Thurston, who also runs an algorithmic prediction company called Growth Science, says that most VCs “hated the idea of this” back when he started. “There wasn’t even a word for big data,” he says. “A lot of this was alien weirdo stuff to most investment managers.”

Now there are other believers in the venture funding world. Among them: Bloomberg Beta, Correlation Ventures, Mattermark, the Compass Startup Project (which gives startups and their investors a dashboard to benchmark their performance against other startups), and the Startup Genome Project, a nonprofit that gathers data about cities and regions as incubators of startups.
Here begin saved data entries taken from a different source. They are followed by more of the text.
(* Let $\mathcal K$ be a 2-category which admits Eilenberg–Moore constructions for monads and in which idempotent 2-cells split, and let $(t,\mu,\eta)$ on $k$ and $(t',\mu',\eta')$ on $k'$ be monads in $\mathcal K$. Then (1) the category $\mathrm{Lift}^\iota(t,t')$ is equivalent to the hom-category $\mathrm{Mnd}^\iota(\mathcal K)(t,t')$; (2) the category $\mathrm{Lift}^\pi(t,t')$ is equivalent to the hom-category $\mathrm{Mnd}^\pi(\mathcal K)(t,t')$. For $t=t'$ these equivalences are strong monoidal, where $\mathrm{Lift}^{\iota}(t,t)$ and $\mathrm{Lift}^{\pi}(t,t)$ carry the monoidal structure induced by horizontal composition in $\mathcal K$ and the hom-categories carry the monoidal structure given by horizontal composition.
   Context: Conventions in a 2-category $\mathcal K$: horizontal composition and whiskering by juxtaposition in the order of functor composition; identity 1-cell of $k$ written $k$, identity 2-cell of $V$ written $V$; vertical composition $\ast$ with $\alpha\ast\beta$ meaning $\beta$ then $\alpha$. Monads $(t,\mu,\eta)$ on $k$ are associative and unital. $\mathcal K$ admits Eilenberg–Moore constructions for monads: the inclusion 2-functor from $\mathcal K$ to the Lack–Street 2-category $\mathrm{EM}(\mathcal K)$ of monads has a right 2-adjoint $J$; each monad $(t,\mu,\eta)$ gives an adjunction $f\dashv v$, $f:k\to J(t)$, $v:J(t)\to k$, unit $\eta$, counit $\epsilon$, with $t=vf$, $\mu=v\epsilon f$ (for $t'$: $f',v',\eta',\epsilon'$). Idempotent 2-cells split (each idempotent $e$ factors as $e=\iota\ast\pi$ with $\pi\ast\iota$ an identity). Hom-categories: $\mathrm{Mnd}^\iota(\mathcal K)(t,t')$ has objects pairs $(V,\psi)$ with $V:k\to k'$, $\psi:t'V\Rightarrow Vt$, $V\mu\ast\psi t\ast t'\psi=\psi\ast\mu'V$; morphisms $(V,\psi)\to(W,\phi)$ are 2-cells $\omega:V\Rightarrow W$ of $\mathcal K$ with $\omega t\ast\psi=W\mu\ast\phi t\ast t'\omega t\ast t'\psi\ast t'\eta'V$; composition is vertical composition in $\mathcal K$. $\mathrm{Mnd}^\pi(\mathcal K)(t,t')$ has the same objects and morphisms the 2-cells $\omega:V\Rightarrow W$ with $\phi\ast t'\omega=W\mu\ast\phi t\ast\eta'Wt\ast\omega t\ast\psi$. For $t=t'$ their monoidal product is $(V',\psi')\otimes(V,\psi)=(V'V,V'\psi\ast\psi'V)$, $\omega'\otimes\omega=\omega'\omega$, with unit $(k,t)$. Weak liftings: a weak lifting of a 1-cell $V:k\to k'$ for $t,t'$ is $(V,\overline V,\iota,\pi)$ with $\overline V:J(t)\to J(t')$, $\iota:v'\overline V\Rightarrow Vv$ and $\pi:Vv\Rightarrow v'\overline V$ with $\pi\ast\iota$ the identity. For weak liftings $(V,\overline V,\iota,\pi)$, $(W,\overline W,\iota,\pi)$ and $\omega:V\Rightarrow W$, a weak $\iota$-lifting of $\omega$ is $\overline\omega:\overline V\Rightarrow\overline W$ with $\iota\ast v'\overline\omega=\omega v\ast\iota$; a weak $\pi$-lifting is $\overline\omega$ with $v'\overline\omega\ast\pi=\pi\ast\omega v$. $\mathrm{Lift}^\iota(t,t')$ (resp. $\mathrm{Lift}^\pi(t,t')$) has as objects the weak liftings $(V,\overline V,\iota,\pi)$ and as morphisms $(V,\overline V,\iota,\pi)\to(W,\overline W,\iota,\pi)$ the pairs $(\omega,\overline\omega)$ with $\omega:V\Rightarrow W$ in $\mathcal K$ and $\overline\omega$ a weak $\iota$-lifting (resp. weak $\pi$-lifting) of $\omega$; composition is componentwise vertical composition. For $t=t'$ the monoidal structure induced by horizontal composition is $(V',\overline{V'},\iota',\pi')\otimes(V,\overline V,\iota,\pi)=(V'V,\overline{V'}\,\overline V,V'\iota\ast\iota'\overline V,\pi'\overline V\ast V'\pi)$, $(\omega',\overline{\omega'})\otimes(\omega,\overline\omega)=(\omega'\omega,\overline{\omega'}\,\overline\omega)$, unit $(k,J(t),v,v)$. *)

theory Defs
  imports Main
begin
lemma ideal_filter_image: "ideal_filter I U ` {m. maximalideal m R} = {F. maximal_pr_filter I U F}"
proof
  show "ideal_filter I U ` {m. maximalideal m R} \<subseteq> {F. maximal_pr_filter I U F}"
    by (auto intro: ideal_filter_maximal)
  show "{F. maximal_pr_filter I U F} \<subseteq> ideal_filter I U ` {m. maximalideal m R}"
  proof
    fix F assume "F \<in> {F. maximal_pr_filter I U F}"
    then have F: "maximal_pr_filter I U F" by simp
    then have "ideal_filter I U {n \<in> carrier R. pr I U n \<in> F} = F"
      by (intro ideal_filter_pr_preimage) (simp add: maximal_pr_filter_def)
    moreover have "{n \<in> carrier R. pr I U n \<in> F} \<in> {m. maximalideal m R}"
      using maximal_pr_filter_preimage_maximalideal[OF F] by simp
    ultimately show "F \<in> ideal_filter I U ` {m. maximalideal m R}"
      by (rule image_eqI[OF sym])
  qed
qed

section \<open>Principal filters\<close>

lemma hprime_nonunit_divisor:
  assumes p: "p \<in> hprimes I U"
    and d: "d \<in> carrier R" "p \<in> PIdl\<^bsub>R\<^esub> d" "d \<notin> Units R"
  shows "d \<in> PIdl\<^bsub>R\<^esub> p"
proof -
  have pc: "p \<in> carrier R" using p hprimes_carrier by blast
  have "d \<in> {\<one>\<^bsub>R\<^esub>, \<ominus>\<^bsub>R\<^esub> \<one>\<^bsub>R\<^esub>, p, \<ominus>\<^bsub>R\<^esub> p}"
    using p d(1,2) unfolding hprimes_def zdvd_iff_mem_cgenideal by blast
  moreover have "\<ominus>\<^bsub>R\<^esub> p \<in> PIdl\<^bsub>R\<^esub> p"
    unfolding cgenideal_def using pc by (intro CollectI exI[of _ "\<ominus>\<^bsub>R\<^esub> \<one>\<^bsub>R\<^esub>"]) (simp add: zstar.l_minus)
  ultimately show ?thesis
    using d(3) zstar.cgenideal_self[OF pc] zstar.Units_minus_one_closed by auto
qed

lemma principal_ideal_filter_cgenideal:
  assumes p: "p \<in> hprimes I U"
  shows "principal_pr_filter I U (ideal_filter I U (PIdl\<^bsub>R\<^esub> p))"
  unfolding principal_pr_filter_def
proof (intro bexI[of _ p] ballI)
  fix S assume "S \<in> prZ I U"
  then obtain k where k: "k \<in> carrier R" "S = pr I U k" unfolding prZ_def by blast
  show "S \<in> ideal_filter I U (PIdl\<^bsub>R\<^esub> p) \<longleftrightarrow> pr I U p \<subseteq> S"
  proof
    assume "S \<in> ideal_filter I U (PIdl\<^bsub>R\<^esub> p)"
    then obtain y where "y \<in> PIdl\<^bsub>R\<^esub> p" "S = pr I U y" unfolding ideal_filter_def by blast
    then show "pr I U p \<subseteq> S" using pr_antimono by blast
  next
    assume "pr I U p \<subseteq> S"
    then have "k \<in> PIdl\<^bsub>R\<^esub> p" using hprime_mem_pr_self[OF p] k(2) mem_pr_iff by blast
    then show "S \<in> ideal_filter I U (PIdl\<^bsub>R\<^esub> p)" unfolding ideal_filter_def using k(2) by blast
  qed
qed (use p hprimes_carrier in blast)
Bloomberg Beta uses analytics to identify people likely to start successful companies in the future. The Hong Kong firm Deep Knowledge Ventures has even taken the gimmicky step of putting its algorithm on its board of directors. And some top-tier VCs have begun hiring data scientists.

“I don’t know if [algorithmic investing] is going to take over like it has on Wall Street,” Thurston says. “But it’s absolutely going to find its way into every single major [venture] fund.”